Outcome of Plasma Exchange in Acute Liver Failure due to Yellow Phosphorus Poisoning: A Single-center Experience

Srivatsa Angraje, Manikantan Sekar, Biswajit Mishra, Jayakumar Matcha

Keywords : Acute liver failure, Plasma exchange, Poisoning, Yellow phosphorus

Citation Information : Angraje S, Sekar M, Mishra B, Matcha J. Outcome of Plasma Exchange in Acute Liver Failure due to Yellow Phosphorus Poisoning: A Single-center Experience. Indian J Crit Care Med 2021; 25 (9):1020-1025.
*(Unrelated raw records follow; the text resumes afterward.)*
lemma null_sets_\<nu>: "null_sets \<nu> = null_sets M"
proof -
  have iff: "A \<in> null_sets \<nu> \<longleftrightarrow> A \<in> null_sets M" if A: "A \<in> sets M" for A
    using emeasure_\<nu>[OF A] \<phi>_nonneg[OF X_indicator[OF A]] \<phi>_indicator_eq_0_iff[OF A] A
    by (auto simp: null_sets_def)
  show ?thesis
  proof (intro set_eqI iffI)
    show "A \<in> null_sets M" if "A \<in> null_sets \<nu>" for A using iff null_setsD2[OF that] that by simp
    show "A \<in> null_sets \<nu>" if "A \<in> null_sets M" for A using iff null_setsD2[OF that] that by simp
  qed
qed

lemma AE_\<nu>_iff: "(AE \<omega> in \<nu>. P \<omega>) \<longleftrightarrow> (AE \<omega> in M. P \<omega>)"
  unfolding ae_filter_def null_sets_\<nu> space_\<nu> ..

lemma measurable_\<nu>: "borel_measurable \<nu> = borel_measurable M"
  by (rule measurable_cong_sets) auto

lemma
  assumes s: "simple_function M s"
  shows X_simple_function: "s \<in> X" and integral_\<nu>_simple_function: "integral\<^sup>L \<nu> s = \<phi> s"
proof -
  interpret \<nu>: finite_measure \<nu> by (rule finite_measure_\<nu>)
  let ?S = "s ` space M" and ?A = "\<lambda>y. s -` {y} \<inter> space M"
  have fin: "finite ?S" using s unfolding simple_function_def by auto
  have sets: "?A y \<in> sets M" for y
    using simple_functionD(2)[OF s, of "{y}"] by simp
  let ?t = "\<lambda>\<omega>. \<Sum>y\<in>?S. y * indicator (?A y) \<omega>"
  have eq: "s \<omega> = ?t \<omega>" if "\<omega> \<in> space M" for \<omega> by (rule simple_function_eq_sum_indicator[OF s that])
  have tX: "?t \<in> X" by (rule X_sum[OF fin]) (use sets X_indicator in auto)
  show sX: "s \<in> X"
    by (rule X_dominated[OF borel_measurable_simple_function[OF s] tX]) (rule AE_I2, simp only: eq order_refl)
  have "\<phi> s = \<phi> ?t"
    by (rule lin_functional_AE_cong[OF lin_functional_\<phi> sX tX]) (rule AE_I2, rule eq)
  also have "\<dots> = (\<Sum>y\<in>?S. y * \<phi> (indicator (?A y)))"
    by (rule lin_functional_sum[OF lin_functional_\<phi> fin]) (use sets X_indicator in auto)
  also have "\<dots> = (\<Sum>y\<in>?S. integral\<^sup>L \<nu> (\<lambda>\<omega>. y * indicator (?A y) \<omega>))"
    using sets by (intro sum.cong) (simp_all add: measure_\<nu>)
  also have "\<dots> = integral\<^sup>L \<nu> ?t"
    using sets by (intro Bochner_Integration.integral_sum[symmetric] integrable_mult_right
        integrable_real_indicator) (auto simp: emeasure_\<nu>)
  also have "\<dots> = integral\<^sup>L \<nu> s"
    by (rule Bochner_Integration.integral_cong[OF refl]) (simp only: space_\<nu> eq)
  finally show "integral\<^sup>L \<nu> s = \<phi> s" ..
qed

lemma integral_\<nu>_bounded:
  assumes b [measurable]: "b \<in> borel_measurable M" and C: "\<And>\<omega>. \<bar>b \<omega>\<bar> \<le> C"
  shows "integral\<^sup>L \<nu> b = \<phi> b"
proof -
  interpret \<nu>: finite_measure \<nu> by (rule finite_measure_\<nu>)
  obtain F where F: "\<And>i. simple_function M (F i)" "\<And>\<omega>. \<omega> \<in> space M \<Longrightarrow> (\<lambda>i. F i \<omega>) \<longlonglongrightarrow> b \<omega>"
    "\<And>i \<omega>. \<omega> \<in> space M \<Longrightarrow> dist (F i \<omega>) 0 \<le> 2 * dist (b \<omega>) 0"
    using borel_measurable_implies_sequence_metric[OF b, of 0] by blast
  have F_bound: "\<bar>F i \<omega>\<bar> \<le> 2 * C" if "\<omega> \<in> space M" for i \<omega>
    using F(3)[OF that, of i] C[of \<omega>] by simp
  have [measurable]: "F i \<in> borel_measurable M" for i by (rule borel_measurable_simple_function[OF F(1)])
  have "(\<lambda>i. \<phi> (F i)) \<longlonglongrightarrow> \<phi> b"
  proof (rule order_dual_LIMSEQ_dominated[OF order_dual_\<phi> X_simple_function[OF F(1)]
        X_bounded[OF b C] X_const[of "2 * C"]])
    show "AE \<omega> in M. (\<lambda>n. F n \<omega>) \<longlonglongrightarrow> b \<omega>" by (rule AE_I2) (rule F(2))
    show "AE \<omega> in M. \<bar>F n \<omega>\<bar> \<le> \<bar>2 * C\<bar>" for n
      by (rule AE_I2) (use F_bound in \<open>meson abs_ge_self order_trans\<close>)
  qed
  moreover have "(\<lambda>i. integral\<^sup>L \<nu> (F i)) \<longlonglongrightarrow> integral\<^sup>L \<nu> b"
    by (rule integral_dominated_convergence[where w = "\<lambda>_. 2 * C"])
       (auto intro!: AE_I2 simp: measurable_\<nu> F(2) F_bound)
  ultimately show ?thesis using integral_\<nu>_simple_function[OF F(1)] LIMSEQ_unique by simp
qed

lemma integrable_\<nu>:
  assumes x: "x \<in> X" shows "integrable \<nu> x"
proof -
  interpret \<nu>: finite_measure \<nu> by (rule finite_measure_\<nu>)
  have [measurable]: "x \<in> borel_measurable M" by (rule X_measurable[OF x])
  define m where "m n \<omega> = min (real n) \<bar>x \<omega>\<bar>" for n \<omega>
  have [measurable]: "m n \<in> borel_measurable M" for n unfolding m_def by measurable
  have m_bound: "\<bar>m n \<omega>\<bar> \<le> real n" for n \<omega> unfolding m_def by auto
  have "integrable \<nu> (\<lambda>\<omega>. \<bar>x \<omega>\<bar>)"
  proof (rule integrable_monotone_convergence[where f = m and x = "\<phi> (\<lambda>\<omega>. \<bar>x \<omega>\<bar>)"])
    show "integrable \<nu> (m i)" for i
      by (rule \<nu>.integrable_const_bound[where B = "real i"]) (auto simp: m_bound measurable_\<nu>)
    show "AE \<omega> in \<nu>. mono (\<lambda>n. m n \<omega>)"
      by (rule AE_I2) (auto simp: m_def mono_def intro: min.mono)
    show "AE \<omega> in \<nu>. (\<lambda>i. m i \<omega>) \<longlonglongrightarrow> \<bar>x \<omega>\<bar>" unfolding m_def by (simp add: LIMSEQ_min_of_nat)
    have "(\<lambda>n. \<phi> (m n)) \<longlonglongrightarrow> \<phi> (\<lambda>\<omega>. \<bar>x \<omega>\<bar>)"
      by (rule order_dual_LIMSEQ_dominated[OF order_dual_\<phi> X_bounded[OF _ m_bound] X_abs[OF x] x])
         (auto intro!: AE_I2 simp: m_def LIMSEQ_min_of_nat)
    then show "(\<lambda>i. integral\<^sup>L \<nu> (m i)) \<longlonglongrightarrow> \<phi> (\<lambda>\<omega>. \<bar>x \<omega>\<bar>)"
      by (simp add: integral_\<nu>_bounded[OF _ m_bound])
  qed (simp add: measurable_\<nu>)
  then show ?thesis by (rule integrable_abs_cancel) (simp add: measurable_\<nu>)
qed

lemma integral_\<nu>:
  assumes x: "x \<in> X" shows "integral\<^sup>L \<nu> x = \<phi> x"
proof -
  have [measurable]: "x \<in> borel_measurable M" by (rule X_measurable[OF x])
  define t where "t n \<omega> = max (- real n) (min (real n) (x \<omega>))" for n \<omega>
  have [measurable]: "t n \<in> borel_measurable M" for n unfolding t_def by measurable
  have t_bound: "\<bar>t n \<omega>\<bar> \<le> real n" for n \<omega> unfolding t_def by auto
  have "(\<lambda>n. \<phi> (t n)) \<longlonglongrightarrow> \<phi> x"
    by (rule order_dual_LIMSEQ_dominated[OF order_dual_\<phi> X_bounded[OF _ t_bound] x x])
       (auto intro!: AE_I2 simp: t_def LIMSEQ_clip_of_nat)
  moreover have "(\<lambda>n. integral\<^sup>L \<nu> (t n)) \<longlonglongrightarrow> integral\<^sup>L \<nu> x"
    by (rule integral_dominated_convergence[where w = "\<lambda>\<omega>. \<bar>x \<omega>\<bar>"])
       (use integrable_abs[OF integrable_\<nu>[OF x]] in \<open>auto intro!: AE_I2 simp: measurable_\<nu> t_def LIMSEQ_clip_of_nat\<close>)
  ultimately show ?thesis
    using integral_\<nu>_bounded[OF _ t_bound] LIMSEQ_unique by simp
qed

lemma
  assumes F: "subalgebra \<nu> F" and [measurable]: "u \<in> borel_measurable M"
    and u: "AE \<omega> in M. \<bar>u \<omega>\<bar> \<le> 1"
  shows order_dual_complement_cond_exp:
      "(\<lambda>x. \<phi> (\<lambda>\<omega>. x \<omega> * (u \<omega> - real_cond_exp \<nu> F u \<omega>))) \<in> order_dual_n M X"
    and \<phi>_mult_complement_cond_exp: "x \<in> X \<Longrightarrow>
      \<phi> (\<lambda>\<omega>. x \<omega> * (u \<omega> - real_cond_exp \<nu> F u \<omega>)) = (\<integral>\<omega>. (x \<omega> - real_cond_exp \<nu> F x \<omega>) * u \<omega> \<partial>\<nu>)"
proof -
  interpret \<nu>: finite_measure_subalgebra \<nu> F
    by (intro finite_measure_subalgebra.intro finite_measure_\<nu> finite_measure_subalgebra_axioms.intro F)
  have u\<nu>: "AE \<omega> in \<nu>. \<bar>u \<omega>\<bar> \<le> 1" using u by (simp add: AE_\<nu>_iff)
  have [measurable]: "real_cond_exp \<nu> F u \<in> borel_measurable M"
    using borel_measurable_cond_exp2[of \<nu> F u] by (simp add: measurable_\<nu>)
  have "AE \<omega> in \<nu>. \<bar>real_cond_exp \<nu> F u \<omega>\<bar> \<le> 1"
    by (rule \<nu>.AE_abs_real_cond_exp_le[OF _ u\<nu>]) (simp add: measurable_\<nu>)
  then have "AE \<omega> in \<nu>. \<bar>u \<omega> - real_cond_exp \<nu> F u \<omega>\<bar> \<le> 2" using u\<nu> by eventually_elim arith
  then have w: "AE \<omega> in M. \<bar>u \<omega> - real_cond_exp \<nu> F u \<omega>\<bar> \<le> 2" by (simp add: AE_\<nu>_iff)
  show "(\<lambda>x. \<phi> (\<lambda>\<omega>. x \<omega> * (u \<omega> - real_cond_exp \<nu> F u \<omega>))) \<in> order_dual_n M X"
    by (rule order_dual_mult_bounded[OF order_dual_\<phi> _ w]) simp
  show "\<phi> (\<lambda>\<omega>. x \<omega> * (u \<omega> - real_cond_exp \<nu> F u \<omega>)) = (\<integral>\<omega>. (x \<omega> - real_cond_exp \<nu> F x \<omega>) * u \<omega> \<partial>\<nu>)"
    if x: "x \<in> X" for x
  proof -
    have "\<phi> (\<lambda>\<omega>. x \<omega> * (u \<omega> - real_cond_exp \<nu> F u \<omega>))
        = (\<integral>\<omega>. x \<omega> * (u \<omega> - real_cond_exp \<nu> F u \<omega>) \<partial>\<nu>)"
      by (rule integral_\<nu>[symmetric]) (rule X_mult_bounded[OF x _ w], simp)
    also have "\<dots> = (\<integral>\<omega>. (x \<omega> - real_cond_exp \<nu> F x \<omega>) * u \<omega> \<partial>\<nu>)"
      by (rule \<nu>.integral_mult_diff_real_cond_exp[OF integrable_\<nu>[OF x] _ u\<nu>]) (simp add: measurable_\<nu>)
    finally show ?thesis .
  qed
qed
DOI: 10.5005/jp-journals-10071-23971

License: CC BY-NC 4.0

Published Online: 08-09-2021

Copyright Statement:  Copyright © 2021; Jaypee Brothers Medical Publishers (P) Ltd.


Abstract

Background: Yellow phosphorus (YP) is a protoplasmic poison that causes acute liver failure (ALF) for which liver transplantation is the definitive modality. Hereby, we present our clinical data on the role of plasma exchange (PE) in ALF due to YP poisoning when liver transplantation is not readily available. Methods: Our study is a prospective observational type, conducted between January 2017 and January 2020, which included patients with ALF due to YP poisoning requiring PE. Clinical features, quantity of poison consumed, and laboratory data before and after PE were noted, and the outcome was documented. Results: This study had 10 patients. The mean age was 30 years. The ratio of male to female being 1.5:1. The amount of YP consumed (median) was 10 gm. Six patients consumed ≤10 gm and four consumed >10 gm. The mean of total PE sessions was 3.3. Seven patients (70%) had recovery from ALF, out of which five had consumed <10 gm of YP. Among patients who recovered after consuming YP, the mean day to get admitted to the hospital was 3.6 ± 1.81 (p = 0.017) and the time to start PE was 4.86 ± 1.67 days (p = 0.033). Three patients did not recover from ALF, of whom two expired. Peak total bilirubin (mg/dL) decreased to 2.76 from 9.29 (p = 0.005), serum glutamic oxaloacetic transaminase to 53.5 from 530 (IU/L) (p = 0.005), serum glutamic pyruvic transaminase to 54.5 from 378 (IU/L) (p = 0.005), international normalized ratio to 1.08 from 2.26 (p = 0.008), prothrombin time(s) decreased to 13.3 from 25.5 (p = 0.013), and activated partial thromboplastin time(s) to 24.6 from 40.8 (p = 0.007) post-PE sessions. Conclusions: Our study revealed that the patient outcome depends on the quantity of poison consumed, duration of hospitalization, and time to start PE from the day of YP consumption. PE may be considered as a bridge to liver transplant in ALF patients.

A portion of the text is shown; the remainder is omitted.